Dustborn Preview: Catch The Bus

I remember having a spirited discussion back at Game Informer concerning the definition of an Adventure Game. You can see where we eventually landed here, but, playing through the hands-on preview for Dustborn, I couldn’t help but wonder how it would have shaped the debate.

The game’s team throws it into the action-adventure camp. However, it felt more to me like an adventure game with combat. The distinction may seem arbitrary, but the juice of the game lies in interacting with its environment, pursuing relationships with your found family, and getting swept up in the story. Though it has serval systems integrated to connect the adventure side with its combat, Dustborn feels, at its core, like a unmitigated adventure title.

Just shout if you need something.

It’s 2030 and I’m somewhere in Nevada. That’s not terribly surprising as I can see cactus and rolling waves of sand glide by through the bus windows. Having no context for my current situation beyond that, I set out to familiarize myself with the team. Unfortunately for the main character, Pax, my first interaction is an argument.

Once considered my sister, Ziggy is struggling with Pax’s sudden disappearance and equally unsettling reemergence in her life. Ziggy isn’t able to process the emotional hurt, so the conversation turns to choosing to run away from the games invasive big bad — an oppressive force called Justice.

The other crew members seem more welcoming. Theo, the fatherly figure and hacker, knits quietly as they travel to the next location. Sai, an artist whose braids look like brushes dipped in purple paint, is the group’s muscle. And the sleeping Roam is stretched out in the back seat.

Lying on a table is a comic book that runs me through some of the team’s past events and choices. It helps catch me up on the details and gets me questioning where the other branching paths would have led, but doesn’t tell me much more than I already knew.

The map next to it moves me from the past to the future. Interacting with it triggers an overview map of an alternate reality United States. The places have unfamiliar names, but it’s clear the group started out in California and hope to make it to “The Promised Land” that is Nova Scotia. But that’s still far away.

My immediate plan revolve around a service station — a place to quickly fill up on fuel and food. However, stepping off the bus, our robotic driver hits the gas and leaves most of the party stranded in the middle of nowhere. Roam — sleeping peacefully — is still in the back seat. And now I need to figure out how to find them and get our transportation back.

I check around the neglected building and discover various interactions that allow me to call on the aid of my companions. A back door labeled employees only prompts buttons to call on either Sai or Theo — depending on whether I want to break down the door or crack it open by more technological means. But I pass this by for the moment to go into the building to see what more informermation I can find.

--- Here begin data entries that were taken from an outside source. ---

lemma squarefree_dvd_iff_dvd_prod_prime_factors:
  fixes d k :: nat
  assumes "squarefree d" "k \<noteq> 0"
  shows "d dvd k \<longleftrightarrow> d dvd \<Prod>(prime_factors k)"
proof
  assume "d dvd k"
  then have "prime_factors d \<subseteq> prime_factors k"
    using assms by (intro dvd_prime_factors) auto
  then have "\<Prod>(prime_factors d) dvd \<Prod>(prime_factors k)"
    by (intro prod_dvd_prod_subset) auto
  then show "d dvd \<Prod>(prime_factors k)"
    using assms by (simp add: prod_prime_factors_squarefree)
next
  assume "d dvd \<Prod>(prime_factors k)"
  also have "\<Prod>(prime_factors k) dvd k"
    using assms(2) by (rule prod_prime_factors_dvd)
  finally show "d dvd k" .
qed

lemma prod_dvd_imp_dvd:
  fixes ns :: "'a \<Rightarrow> nat"
  assumes "(\<Prod>i\<in>I. ns i) dvd k" "finite I" "i \<in> I"
  shows "ns i dvd k"
  using dvd_prodI[OF assms(2,3)] assms(1) by (rule dvd_trans)

lemma prime_dvd_squarefree_prod_unique:
  fixes ns :: "'a \<Rightarrow> nat"
  assumes "finite I" "squarefree (\<Prod>i\<in>I. ns i)" "i \<in> I" "j \<in> I"
    and "prime p" "p dvd ns i" "p dvd ns j"
  shows "i = j"
proof (rule ccontr)
  assume "i \<noteq> j"
  then have "(\<Prod>l\<in>I. ns l) = ns i * (ns j * (\<Prod>l\<in>I - {i} - {j}. ns l))"
    using assms by (simp add: prod.remove)
  moreover have "p ^ 2 dvd ns i * ns j"
    using assms by (simp add: power2_eq_square mult_dvd_mono)
  ultimately have "p ^ 2 dvd (\<Prod>l\<in>I. ns l)"
    by (simp only: dvd_mult2 flip: mult.assoc)
  then have "p dvd 1"
    using assms(2) by (rule squarefreeD[rotated])
  then show False
    using assms(5) by simp
qed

The extra information I glean from the station’s robot employee gives me two possible ways out of this situation. I can either attempt to signal a horde of bikers by setting a fire where they normally hang out or fix up (and then steal) a car looked away in the garage.

While exploring the environment in a patently adventure-like way, I discover sound echoes, which the game urges me to capture with a device on my hip. At first, I’m totally clueless way I’m working through a minigame to record these echoes, but the purpose soon becomes clear.

When I catch a specified number, I learn a new word that my unusual powers allow me to wield as a weapon. This environment’s word is HOAX. It allows me to trick people into doing what I want — in combat and outside of it. This is how the game cleverly bridges the gap between adventure and action.

I don’t get to put this new spoken weapon to use until much later in the demo, after breaking into a secret Justice faculty/school and finding a new friend named Eli. Eli is a charismatic warrior who’s returned to his former institution for personal reasons. Like the rest of the game’s characters so far, Eli acts and speaks like a real human with understandable motives and conflicting loyalties. The addition makes the already engaging group even more compelling.

Combat is not my favorite part of the experience. It is easy to catch on to, with basic attacks, blocks, and throws backed up by my shouting abilities. These last take a moment to power up, but are fun to unleash. I could convince hostile combatants to fight for me rather than against me. I could freeze them in place. And I could push them out of my way. This and a visually bombastic combo I could trigger with Ziggy kept my attention focused on the fighting, though not enough that I giddly jumped into combat.

I walked away from my time with Dustborn eager to unravel more of its secrets and to see this group of misfits — which I’m already beginning to care for — safely to the end of their journey. The bus is scheduled to pick players up August 20, so be sure to be ready.